If pentax had in lens IS, and a longer brighter lens than 560 5.6, I would be totally tempted to spring for this beast...

Except, I have an odd fixation with the 7D. I eagerly await to pony cash over for the 7D MK II. But, Canon should take serious warning about this. Pentax has some very neat looking primes. Anyone shoot pentax too? (other than old m42 stuff... which is totally gold!!! I love that takumar thing...)


----------



## garyknrd (Oct 11, 2013)

I have the Sigma 500 f4.5 and the Sigma 300mm F2.8 prime. Been waiting for this moment. I hope AF is good. I am in dreamland now...


----------



## Marsu42 (Oct 11, 2013)

AprilForever said:


> If pentax had in lens IS



Also, as I just read this in-lens system suppresses moire so no aa filter is necessary?


----------



## e17paul (Oct 11, 2013)

Marsu42 said:


> AprilForever said:
> 
> 
> > If pentax had in lens IS
> ...



Pentax IS is at the sensor, not in the lens as Canon and Nikon. It is the sensor vibration mechanism that sets up a carefully controlled amount of blur to avoid moire, whereas other cameras use the micro-lens AA filter on the sensor to create a small amount of blur to the same effect.

IS at the lens is usually reckoned to be more effective, but the pentax IS (like Olympus) can work on all lenses - saving the need to buy IS equipped lenses.

If I wasnt invested in Canon gear, I'd be tempted to try my father's lovely manual lenses on a Pentax, to see how effective the IS at the sensor might be. On the other hand, if Pentax launch a full frame DSLR, I might sell up and switch.


----------



## AprilForever (Oct 11, 2013)

e17paul said:


> Marsu42 said:
> 
> 
> > AprilForever said:
> ...



Pentax just may have its break here...


----------



## pdirestajr (Oct 11, 2013)

Pentax is carving out a nice niche as the rugged-all-weather-outdoor-sporty photography brand.

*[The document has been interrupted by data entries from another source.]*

lemma parent_tree_step: "k \<in> tree_steps s \<Longrightarrow> parent s (s ! Suc k) = s ! k"
  unfolding parent_def by (simp add: first_index_tree_step)

lemma bij_betw_tree_steps:
  assumes can: "canonical s" and ne: "s \<noteq> []" and set_s: "set s = {..<m}"
  shows "bij_betw (\<lambda>k. s ! Suc k) (tree_steps s) {1..<m}"
proof (rule bij_betw_imageI)
  show "inj_on (\<lambda>k. s ! Suc k) (tree_steps s)"
  proof (rule inj_onI)
    fix k1 k2 assume "k1 \<in> tree_steps s" "k2 \<in> tree_steps s" "s ! Suc k1 = s ! Suc k2"
    then have "Suc k1 = Suc k2" by (metis first_index_tree_step)
    then show "k1 = k2" by simp
  qed
  show "(\<lambda>k. s ! Suc k) ` tree_steps s = {1..<m}"
  proof (intro equalityI subsetI)
    fix j assume "j \<in> (\<lambda>k. s ! Suc k) ` tree_steps s"
    then obtain k where k: "k \<in> tree_steps s" and j: "j = s ! Suc k" by blast
    have k_less: "Suc k < length s" and new: "j \<notin> set (take (Suc k) s)"
      using k j unfolding tree_steps_def by auto
    have "j \<in> set s" using k_less j by simp
    then have "j < m" using set_s by simp
    moreover have "0 \<in> set (take (Suc k) s)"
      using nth_mem_take[of 0 "Suc k" s] canonical_hd[OF can ne] ne by simp
    then have "j \<noteq> 0" using new by metis
    ultimately show "j \<in> {1..<m}" by simp
  next
    fix j assume j: "j \<in> {1..<m}"
    then have "j \<in> set s" using set_s by simp
    then have "\<exists>i. i < length s \<and> s ! i = j" by (simp add: in_set_conv_nth)
    then have first: "first_index s j < length s \<and> s ! first_index s j = j"
      unfolding first_index_def by (rule LeastI_ex)
    have minimal: "first_index s j \<le> i" if "i < length s" "s ! i = j" for i
      unfolding first_index_def using that by (simp add: Least_le)
    have "first_index s j \<noteq> 0" using first j canonical_hd[OF can ne] by (metis atLeastLessThan_iff not_one_le_zero)
    then obtain k where k: "first_index s j = Suc k" using not0_implies_Suc by blast
    have "s ! Suc k \<notin> set (take (Suc k) s)"
    proof
      assume "s ! Suc k \<in> set (take (Suc k) s)"
      then obtain i where "i < Suc k" "s ! i = j" using first k by (auto simp: in_set_conv_nth)
      then show False using minimal[of i] first k by linarith
    qed
    then have "k \<in> tree_steps s" unfolding tree_steps_def using first k by simp
    then show "j \<in> (\<lambda>k. s ! Suc k) ` tree_steps s" using first k by (metis image_eqI)
  qed
qed

lemma card_tree_steps:
  "canonical s \<Longrightarrow> s \<noteq> [] \<Longrightarrow> set s = {..<m} \<Longrightarrow> card (tree_steps s) = m - 1"
  using bij_betw_same_card[OF bij_betw_tree_steps] by simp

lemma parent_less:
  assumes can: "canonical s" and ne: "s \<noteq> []" and set_s: "set s = {..<m}" and j: "j \<in> {1..<m}"
  shows "parent s j < j"
proof -
  obtain k where k: "k \<in> tree_steps s" and j: "j = s ! Suc k"
    using bij_betw_tree_steps[OF can ne set_s] j unfolding bij_betw_def by blast
  have "Suc k < length s" "s ! Suc k \<notin> set (take (Suc k) s)"
    using k unfolding tree_steps_def by auto
  moreover have "s ! k \<in> set (take (Suc k) s)" using calculation by (intro nth_mem_take) auto
  ultimately have "s ! k < s ! Suc k" by (rule canonical_new_greater[OF can])
  then show ?thesis using k j parent_tree_step by simp
qed
text \<open>The loop (step 4) of CHECK; None means "Fail".\<close>
function check_loop :: "nat \<Rightarrow> nat list \<Rightarrow> ppoly list \<Rightarrow> nat \<Rightarrow> (nat \<Rightarrow> nat) \<Rightarrow> (nat \<Rightarrow> nat) option"
where
  "check_loop \<delta> zs gs d w =
    (if zs = [] then Some w
     else (let gs' = LI zs gs;
               zt = filter (\<lambda>z. {var z} \<in> set gs') zs
           in if zt = [] then None
              else check_loop \<delta> (filter (\<lambda>z. z \<notin> set zt) zs)
                     (map (keep_div (filter (\<lambda>z. z \<notin> set zt) zs)) gs')
                     (\<delta> * d + 1) (\<lambda>k. if k \<in> set zt then d else w k)))"
  by pat_completeness auto
termination
proof (relation "measure (\<lambda>(\<delta>, zs, gs, d, w). length zs)")
  fix \<delta> zs gs d w gs' zt
  assume "zs \<noteq> []" "gs' = LI zs gs" "zt = filter (\<lambda>z. {var z} \<in> set gs') zs" "zt \<noteq> []"
  then obtain z where "z \<in> set zs" "z \<in> set zt" by (metis last_in_set filter_is_subset subsetD)
  then show "((\<delta>, filter (\<lambda>z. z \<notin> set zt) zs, map (keep_div (filter (\<lambda>z. z \<notin> set zt) zs)) gs',
          \<delta> * d + 1, \<lambda>k. if k \<in> set zt then d else w k), \<delta>, zs, gs, d, w)
         \<in> measure (\<lambda>(\<delta>, zs, gs, d, w). length zs)"
    by (auto intro!: length_filter_less)
qed auto

text \<open>Procedure CHECK over F2, for polynomials in n indeterminates; None means "Fail",
  Some W returns the weight tuple W = (W 0, ..., W (n-1)).\<close>
definition CHECK :: "nat \<Rightarrow> ppoly list \<Rightarrow> nat list \<Rightarrow> (nat \<Rightarrow> nat) option" where
  "CHECK n gs zs =
    (let \<delta> = Max (insert 0 (tdeg n ` \<Union>(set gs)));
         gs1 = map (keep_div zs) gs
     in if f2dim (map (Lin n) gs1) < length zs then None
        else check_loop \<delta> zs gs1 1 (\<lambda>_. 0))"

end

theory Submission
  imports Defs
begin

text \<open>
  Vectors over F2 are sets of terms, and Gaussian elimination on them produces a unique reduced
  row echelon form, so that the procedure LI is well defined.

  If some term ordering makes the indeterminates of Z leading terms of polynomials f_z in the
  span, then in every round of CHECK the polynomial f_z of the smallest remaining z shrinks to z
  once all monomials not divisible by a remaining indeterminate are deleted; so {z} is a row of
  the echelon form and the loop never fails. The linear parts of the f_z are independent, being
  triangular with respect to the ordering, so the dimension test passes as well.

  Conversely, each z removed in a round of CHECK comes with a polynomial of the span containing
  z whose other terms avoid the indeterminates still in Z and, having degree at most delta,
  only involve indeterminates of weight less than d / delta. As the current weight d is assigned
  to z, every other term has smaller W-degree, so any term ordering compatible with W, such as
  the W-graded one, makes z the leading term.
\<close>

lemma finite_has_least:
  assumes "finite S" "S \<noteq> {}" "S \<subseteq> A"
    and trans: "\<And>x y z. x \<in> A \<Longrightarrow> y \<in> A \<Longrightarrow> z \<in> A \<Longrightarrow> R x y \<Longrightarrow> R y z \<Longrightarrow> R x z"
    and total: "\<And>x y. x \<in> A \<Longrightarrow> y \<in> A \<Longrightarrow> x \<noteq> y \<Longrightarrow> R x y \<or> R y x"
  shows "\<exists>m\<in>S. \<forall>x\<in>S. x \<noteq> m \<longrightarrow> R m x"
  using assms(1-3)
proof (induction S rule: finite_ne_induct)
  case (singleton x)
  then show ?case by simp
next
  case (insert a F)
  then obtain b where b: "b \<in> F" "\<forall>x\<in>F. x \<noteq> b \<longrightarrow> R b x"
    by blast
  have A: "a \<in> A" "F \<subseteq> A" and "a \<noteq> b"
    using insert b(1) by auto
  then consider "R a b" | "R b a"
    using total b(1) by blast
  then show ?case
  proof cases
    case 1
    have "R a x" if "x \<in> F" for x
    proof (cases "x = b")
      case False
      with that b have "R b x" by blast
      with 1 show ?thesis
        using trans[of a b x] A that b(1) by blast
    qed (use 1 in simp)
    then show ?thesis by blast
  next
    case 2
    then show ?thesis using b by blast
  qed
qed

lemma distinct_pairs_nth:
  assumes "distinct xs"
  shows "(\<forall>i<length xs. \<forall>j<length xs. i \<noteq> j \<longrightarrow> P (xs ! i) (xs ! j)) \<longleftrightarrow>
    (\<forall>x\<in>set xs. \<forall>y\<in>set xs. x \<noteq> y \<longrightarrow> P x y)"
proof
  assume "\<forall>i<length xs. \<forall>j<length xs. i \<noteq> j \<longrightarrow> P (xs ! i) (xs ! j)"
  then show "\<forall>x\<in>set xs. \<forall>y\<in>set xs. x \<noteq> y \<longrightarrow> P x y"
    by (metis in_set_conv_nth)
next
  assume "\<forall>x\<in>set xs. \<forall>y\<in>set xs. x \<noteq> y \<longrightarrow> P x y"
  then show "\<forall>i<length xs. \<forall>j<length xs. i \<noteq> j \<longrightarrow> P (xs ! i) (xs ! j)"
    using assms by (auto simp: nth_eq_iff_index_eq)
qed

section \<open>Linear algebra over F2 on sets\<close>

lemma mem_sdiff [simp]: "x \<in> sdiff a b \<longleftrightarrow> (x \<in> a) \<noteq> (x \<in> b)"
  by (auto simp: sdiff_def)

lemma sdiff_empty [simp]: "sdiff a {} = a" "sdiff {} a = a" "sdiff a a = {}"
  by (auto simp: sdiff_def)

lemma sdiff_cancel [simp]: "sdiff a (sdiff a b) = b"
  by auto

lemma lsum_Nil [simp]: "lsum [] = {}"
  and lsum_Cons [simp]: "lsum (x # xs) = sdiff x (lsum xs)"
  by (simp_all add: lsum_def)

lemma f2span_Nil: "f2span [] = {{}}"
  by (auto simp: f2span_def)

lemma f2span_Cons: "f2span (g # gs) = f2span gs \<union> sdiff g ` f2span gs"
proof (intro equalityI subsetI)
  fix x assume "x \<in> f2span (g # gs)"
  then obtain c cs where "length cs = length gs"
    "x = lsum (map2 (\<lambda>c g. if c then g else {}) (c # cs) (g # gs))"
    unfolding f2span_def by (auto simp: length_Suc_conv)
  then show "x \<in> f2span gs \<union> sdiff g ` f2span gs"
    unfolding f2span_def by (cases c) auto
next
  fix x assume "x \<in> f2span gs \<union> sdiff g ` f2span gs"
  then obtain y c where "y \<in> f2span gs" "x = (if c then sdiff g y else y)"
    by (metis (full_types) UnE imageE)
  then obtain cs where "length (c # cs) = length (g # gs)"
    "x = lsum (map2 (\<lambda>c g. if c then g else {}) (c # cs) (g # gs))"
    unfolding f2span_def by auto
  then show "x \<in> f2span (g # gs)"
    unfolding f2span_def by blast
qed

lemma empty_in_f2span [simp]: "{} \<in> f2span gs"
  by (induction gs) (auto simp: f2span_Nil f2span_Cons)

lemma f2span_sdiff_closed: "a \<in> f2span gs \<Longrightarrow> b \<in> f2span gs \<Longrightarrow> sdiff a b \<in> f2span gs"
proof (induction gs arbitrary: a b)
  case Nil
  then show ?case by (simp add: f2span_Nil)
next
  case (Cons g gs)
  from Cons.prems obtain a' b' p q where
    a: "a' \<in> f2span gs" "a = (if p then sdiff g a' else a')" and
    b: "b' \<in> f2span gs" "b = (if q then sdiff g b' else b')"
    unfolding f2span_Cons by (metis (full_types) UnE imageE)
  have "sdiff a b = (if p = q then sdiff a' b' else sdiff g (sdiff a' b'))"
    using a(2) b(2) by auto
  then show ?case
    using Cons.IH[OF a(1) b(1)] unfolding f2span_Cons by auto
qed

lemma generator_in_f2span: "g \<in> set gs \<Longrightarrow> g \<in> f2span gs"
  by (induction gs) (auto simp: f2span_Cons intro: image_eqI[of _ _ "{}"])

lemma f2span_least:
  assumes "{} \<in> S" "\<And>a b. a \<in> S \<Longrightarrow> b \<in> S \<Longrightarrow> sdiff a b \<in> S" "set gs \<subseteq> S"
  shows "f2span gs \<subseteq> S"
  using assms(3) by (induction gs) (auto simp: f2span_Nil f2span_Cons assms(1,2))

lemma f2span_subset_f2span: "set gs \<subseteq> f2span hs \<Longrightarrow> f2span gs \<subseteq> f2span hs"
  by (rule f2span_least) (auto intro: f2span_sdiff_closed)

lemma f2span_eq_f2span:
  "set gs \<subseteq> f2span hs \<Longrightarrow> set hs \<subseteq> f2span gs \<Longrightarrow> f2span gs = f2span hs"
  by (simp add: f2span_subset_f2span subset_antisym)

lemma f2span_cong_set: "set gs = set hs \<Longrightarrow> f2span gs = f2span hs"
  by (metis f2span_eq_f2span generator_in_f2span subsetI)

lemma f2span_Cons_cong: "f2span gs = f2span hs \<Longrightarrow> f2span (g # gs) = f2span (g # hs)"
  by (simp add: f2span_Cons)

lemma f2span_Cons_sdiff:
  assumes "v \<in> f2span gs"
  shows "f2span (sdiff g v # gs) = f2span (g # gs)"
proof (rule f2span_eq_f2span)
  have sub: "set gs \<subseteq> f2span (h # gs)" "v \<in> f2span (h # gs)" "h \<in> f2span (h # gs)" for h
    using assms by (auto simp: f2span_Cons generator_in_f2span)
  have "g = sdiff (sdiff g v) v" by auto
  then show "set (g # gs) \<subseteq> f2span (sdiff g v # gs)"
    using sub[of "sdiff g v"] by (metis f2span_sdiff_closed insert_subset list.simps(15))
  show "set (sdiff g v # gs) \<subseteq> f2span (g # gs)"
    using sub[of g] by (simp add: f2span_sdiff_closed)
qed

lemma f2span_Cons_absorb: "g \<in> f2span gs \<Longrightarrow> f2span (g # gs) = f2span gs"
  using f2span_Cons_sdiff[of g gs g] by (simp add: f2span_Cons)

lemma f2span_Cons_map_sdiff:
  assumes "\<And>r. r \<in> set R \<Longrightarrow> h r = r \<or> h r = sdiff r g"
  shows "f2span (g # map h R) = f2span (g # R)"
proof (rule f2span_eq_f2span)
  have g: "g \<in> f2span (g # L)" and L: "x \<in> set L \<Longrightarrow> x \<in> f2span (g # L)" for L x
    by (simp_all add: generator_in_f2span)
  have "r \<in> f2span (g # map h R) \<and> h r \<in> f2span (g # R)" if r: "r \<in> set R" for r
  proof -
    have "h r \<in> f2span (g # map h R)" "r \<in> f2span (g # R)"
      using r by (auto intro: L)
    moreover have "r = sdiff (h r) g" if "h r = sdiff r g"
      using that by auto
    ultimately show ?thesis
      using assms[OF r] f2span_sdiff_closed[OF _ g] by metis
  qed
  then show "set (g # map h R) \<subseteq> f2span (g # R)" "set (g # R) \<subseteq> f2span (g # map h R)"
    using g by auto
qed

lemma f2span_map_linear:
  assumes "h {} = {}" "\<And>a b. h (sdiff a b) = sdiff (h a) (h b)"
  shows "f2span (map h gs) = h ` f2span gs"
proof (induction gs)
  case Nil
  then show ?case by (simp add: f2span_Nil assms(1))
next
  case (Cons g gs)
  have "sdiff (h g) ` h ` f2span gs = h ` sdiff g ` f2span gs"
    by (auto simp: image_image assms(2))
  then show ?case using Cons by (simp add: f2span_Cons image_Un)
qed

lemma finite_f2span: "finite (f2span gs)"
  by (induction gs) (auto simp: f2span_Nil f2span_Cons)

lemma f2span_subset_Union: "v \<in> f2span gs \<Longrightarrow> v \<subseteq> \<Union>(set gs)"
proof (induction gs arbitrary: v)
  case Nil
  then show ?case by (simp add: f2span_Nil)
next
  case (Cons g gs)
  then show ?case unfolding f2span_Cons by fastforce
qed

lemma finite_f2span_elem: "v \<in> f2span gs \<Longrightarrow> \<forall>g\<in>set gs. finite g \<Longrightarrow> finite v"
  by (meson List.finite_set finite_Union finite_subset f2span_subset_Union)

lemma setsum2_empty [simp]: "setsum2 {} = {}"
  by (simp add: setsum2_def)

lemma setsum2_insert:
  assumes "finite C" "r \<notin> C"
  shows "setsum2 (insert r C) = sdiff r (setsum2 C)"
proof (rule set_eqI)
  fix x
  have "{c\<in>insert r C. x \<in> c} = (if x \<in> r then insert r {c\<in>C. x \<in> c} else {c\<in>C. x \<in> c})"
    by auto
  then show "x \<in> setsum2 (insert r C) \<longleftrightarrow> x \<in> sdiff r (setsum2 C)"
    using assms by (simp add: setsum2_def)
qed

lemma setsum2_singleton [simp]: "setsum2 {r} = r"
  using setsum2_insert[of "{}" r] by simp

lemma setsum2_subset_Union: "setsum2 C \<subseteq> \<Union>C"
proof
  fix x assume "x \<in> setsum2 C"
  then have "{c\<in>C. x \<in> c} \<noteq> {}"
    unfolding setsum2_def by (intro notI) simp
  then show "x \<in> \<Union>C" by blast
qed

lemma setsum2_in_f2span: "finite C \<Longrightarrow> C \<subseteq> f2span gs \<Longrightarrow> setsum2 C \<in> f2span gs"
  by (induction C rule: finite_induct) (auto simp: setsum2_insert f2span_sdiff_closed)

lemma f2span_setsum2: "v \<in> f2span gs \<Longrightarrow> \<exists>C\<subseteq>set gs. v = setsum2 C"
proof (induction gs arbitrary: v)
  case Nil
  then show ?case by (auto simp: f2span_Nil)
next
  case (Cons g gs)
  from Cons.prems consider "v \<in> f2span gs" | u where "u \<in> f2span gs" "v = sdiff g u"
    unfolding f2span_Cons by blast
  then show ?case
  proof cases
    case 1
    then obtain C where "C \<subseteq> set gs" "v = setsum2 C"
      using Cons.IH by blast
    then show ?thesis by (intro exI[of _ C]) auto
  next
    case 2
    then obtain C where C: "C \<subseteq> set gs" "v = sdiff g (setsum2 C)"
      using Cons.IH by blast
    have fin: "finite C" using C(1) finite_subset by blast
    show ?thesis
    proof (cases "g \<in> C")
      case True
      then have "v = setsum2 (C - {g})"
        using C(2) fin setsum2_insert[of "C - {g}" g] by (simp add: insert_absorb)
      then show ?thesis using C(1) by (intro exI[of _ "C - {g}"]) auto
    next
      case False
      then have "v = setsum2 (insert g C)"
        using C(2) fin by (simp add: setsum2_insert)
      then show ?thesis using C(1) by (intro exI[of _ "insert g C"]) auto
    qed
  qed
qed

lemma f2indep_card_le_f2dim:
  assumes "B \<subseteq> f2span gs" "f2indep B"
  shows "card B \<le> f2dim gs"
proof -
  have "finite {card B | B. B \<subseteq> f2span gs \<and> f2indep B}"
    by (rule finite_subset[of _ "card ` Pow (f2span gs)"]) (auto simp: finite_f2span)
  moreover have "card B \<in> {card B | B. B \<subseteq> f2span gs \<and> f2indep B}"
    using assms by blast
  ultimately show ?thesis
    unfolding f2dim_def by (rule Max_ge)
qed
(* Let $S \in \mathbb{Z}^{m\times m}$ be a nonsingular Smith form, $T \in \mathbb{Z}^{m\times m}$ a nonsingular matrix in Hermite form, $A \in \mathbb{Z}^{a\times m}$ and $F\in\mathbb{Z}^{f\times m}$ (with $a,f\ge 0$), such that every row of $S$ and of $A$ lies in $\mathcal{L}(T)$. Consider, with column blocks of sizes $f,m,a,m$, $$M = \begin{bmatrix} I_f & F & 0 & 0 \\ 0 & T & 0 & I_m \\ 0 & A & I_a & 0 \\ 0 & S & 0 & 0\end{bmatrix}.$$ Then: (1) The Hermite form of $M$ has the shape $\begin{bmatrix} I_f & G & 0 & Q \\ 0 & T & 0 & X \\ 0 & 0 & I_a & C \\ 0 & 0 & 0 & K\end{bmatrix}$ for some integer blocks $G\in\mathbb{Z}^{f\times m}$, $Q\in\mathbb{Z}^{f\times m}$, $X\in\mathbb{Z}^{m\times m}$, $C \in\mathbb{Z}^{a\times m}$, $K\in\mathbb{Z}^{m\times m}$. (2) $\begin{bmatrix} I_a & C\\ 0 & K\end{bmatrix}$ is the Hermite form of the integer matrix $\begin{bmatrix} I_a & -AT^{-1} \\ 0 & -ST^{-1}\end{bmatrix}$. (3) There is a unimodular matrix of the form $\bar U = \begin{bmatrix} I_f & Q & 0 & Y_2 \\ 0 & I_m & 0 & 0 \\ 0 & C & I_a & Y_3 \\ 0 & K & 0 & Y_4\end{bmatrix}$ (for some integer blocks $Y_2,Y_3,Y_4$, with $G,Q,C,K$ as in (1)) such that $$\bar U M = \begin{bmatrix} I_f & G & 0 & Q \\ 0 & T & 0 & I_m \\ 0 & 0 & I_a & C \\ 0 & 0 & 0 & K\end{bmatrix}.$$
   Context: For an integer matrix $A$, $\mathcal{L}(A)$ denotes the lattice of all $\mathbb{Z}$-linear combinations of the rows of $A$. A nonsingular square integer matrix is in Hermite form if it is upper triangular with positive diagonal entries $h_j$ and each entry above the diagonal in column $j$ lies in $[0,h_j)$; every nonsingular integer matrix $B$ has a unique Hermite form $WB$ with $W$ unimodular. A Smith form is a diagonal matrix $\mathrm{diag}(s_1,\dots,s_m)$ with nonnegative integer entries and $s_i \mid s_{i+1}$; it is nonsingular if all $s_i>0$. *)

theory Defs
  imports "Jordan_Normal_Form.Gauss_Jordan_Elimination" "Jordan_Normal_Form.Determinant"
begin
lemma aw_P_commute_bc: "aw_P n a b c d q \<theta> = aw_P n a c b d q \<theta>"
  unfolding aw_P_def aw_p_def by (simp add: mult_ac)

lemma aw_P_commute_bd: "aw_P n a b c d q \<theta> = aw_P n a d c b q \<theta>"
  unfolding aw_P_def aw_p_def by (simp add: mult_ac)

lemma aw_k_commute_bc: "aw_k n a b c d q = aw_k n a c b d q"
  unfolding aw_k_def by (simp add: mult_ac)

lemma aw_k_commute_bd: "aw_k n a b c d q = aw_k n a d c b q"
  unfolding aw_k_def by (simp add: mult_ac)

text \<open>
  Cancels a nonzero factor in goals that are otherwise closed by AC-rewriting, which treats
  inverse x as an atom.
\<close>

lemma eq_via_inverse_factor: "x \<noteq> 0 \<Longrightarrow> x * inverse x * y = z \<Longrightarrow> y = z"
  for x y z :: "'a :: field"
  by simp

lemma scaled_sum_eq: "x + k * y = u \<Longrightarrow> f * x + k * (f * y) = f * u"
  for x y k u f :: "'a :: comm_ring"
  by (metis distrib_left mult.left_commute)
lemma opt_hard_profiles:
  assumes m: "2 \<le> m" and n: "2 \<le> n" and "0 \<le> \<gamma>" "0 \<le> u" "0 \<le> g" and "k < 5"
  shows "hard_optima \<gamma> g ! k \<le> opt n m (hard_profiles m 0 1 \<gamma> u g ! k)"
proof -
  have sm: "single_minded m (sm_val x 1)" "single_minded m (sm_val x m)" if "0 \<le> x" for x
    using that m by (auto intro: single_minded_sm_val)
  have opt: "a q0 + b q1 \<le> opt n m (duo_profile 0 1 a b)"
    if "single_minded m a" "single_minded m b" "q0 + q1 \<le> m" for a b q0 q1
    using opt_duo_profile_ge[of 0 1 n m a b q0 q1] that m n by simp
  have "k = 0 \<or> k = 1 \<or> k = 2 \<or> k = 3 \<or> k = 4"
    using \<open>k < 5\<close> by (simp add: less_Suc_eq numeral_nat)
  then show ?thesis
  proof (elim disjE)
    assume "k = 0"
    then show ?thesis using opt[of "sm_val 1 1" "sm_val 1 1" 1 1] sm[of 1] m
      by (simp add: hard_profiles_def hard_optima_def sm_val_def)
  next
    assume "k = 1"
    then show ?thesis using opt[of "sm_val u 1" "sm_val g m" 0 m] sm assms(4,5)
      by (simp add: hard_profiles_def hard_optima_def sm_val_def)
  next
    assume "k = 2"
    then show ?thesis using opt[of "sm_val g m" "sm_val u 1" m 0] sm assms(4,5)
      by (simp add: hard_profiles_def hard_optima_def sm_val_def)
  next
    assume "k = 3"
    then show ?thesis using opt[of "sm_val \<gamma> m" "sm_val 1 1" m 0] sm assms(3)
      by (simp add: hard_profiles_def hard_optima_def sm_val_def)
  next
    assume "k = 4"
    then show ?thesis using opt[of "sm_val 1 1" "sm_val \<gamma> m" 0 m] sm assms(3)
      by (simp add: hard_profiles_def hard_optima_def sm_val_def)
  qed
qed

lemma good_mech_hard_weighted_welfare_le:
  assumes "good_mech n m T S" and "1 \<le> m" and "2 \<le> n" and K: "1 < K"
  shows "(\<Sum>k<5. hard_weights ! k * (welfare n T S (hard_profiles m 0 1 K (K + 1) (K * (K + 1)) ! k)
            / hard_optima K (K * (K + 1)) ! k)) \<le> 5/6 + 1/(6*K)"
  using welfare_hard_profiles[OF assms(1-3) K, of "K + 1" "K * (K + 1)"] K
  by (intro hard_weighted_ratio_le K) auto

I'm not sure they are focused (or should be) on the magical "full frame" that so many people think is necessary. Just look at their lens lineup! I think they have released only one "new" ff lens in the modern era (the 100mm WR macro).

Their new Limited DA lenses are really nice metal and compact. But are for APS-C... and have no AF motor. Like old Nikon lenses I believe they rely on a screw motor from the camera body. They are accurate, but loud and the focus ring spins powerfully while you are focusing. I guess that is part of the reason they can stay small. And no IS, which is in body. They are not cheap.

They also have some other top end all-weather DA* lenses that are also APS-C, and expensive.

The cool thing is that they take all the legacy K, M, A, etc. lenses beautifully!

I actually bought a Pentax K-01 as a fool around camera and it is AWESOME. The focus peaking on the old manual lenses makes it lots of fun to shoot those great old lenses!


----------



## 9VIII (Oct 11, 2013)

I looked at a review for the Pentax 560f5.6 a few days ago. It's a nice lens for sure, though it doesn't perform at its peak wide open and at $7,000 it's just a few grand off the price of a 500f4ISII. Saving 25% instead of getting the best lens out there in that category doesn't sound too appealing.


----------



## AcutancePhotography (Oct 14, 2013)

I wished Pentax would come out with a full frame camera. 

But, that K3 looks like a sweet camera. Looking forward to reading some test reviews. For the price, you can't beat it. 

The K5 and now the K3 are making me re-look at my decision to go full frame.


----------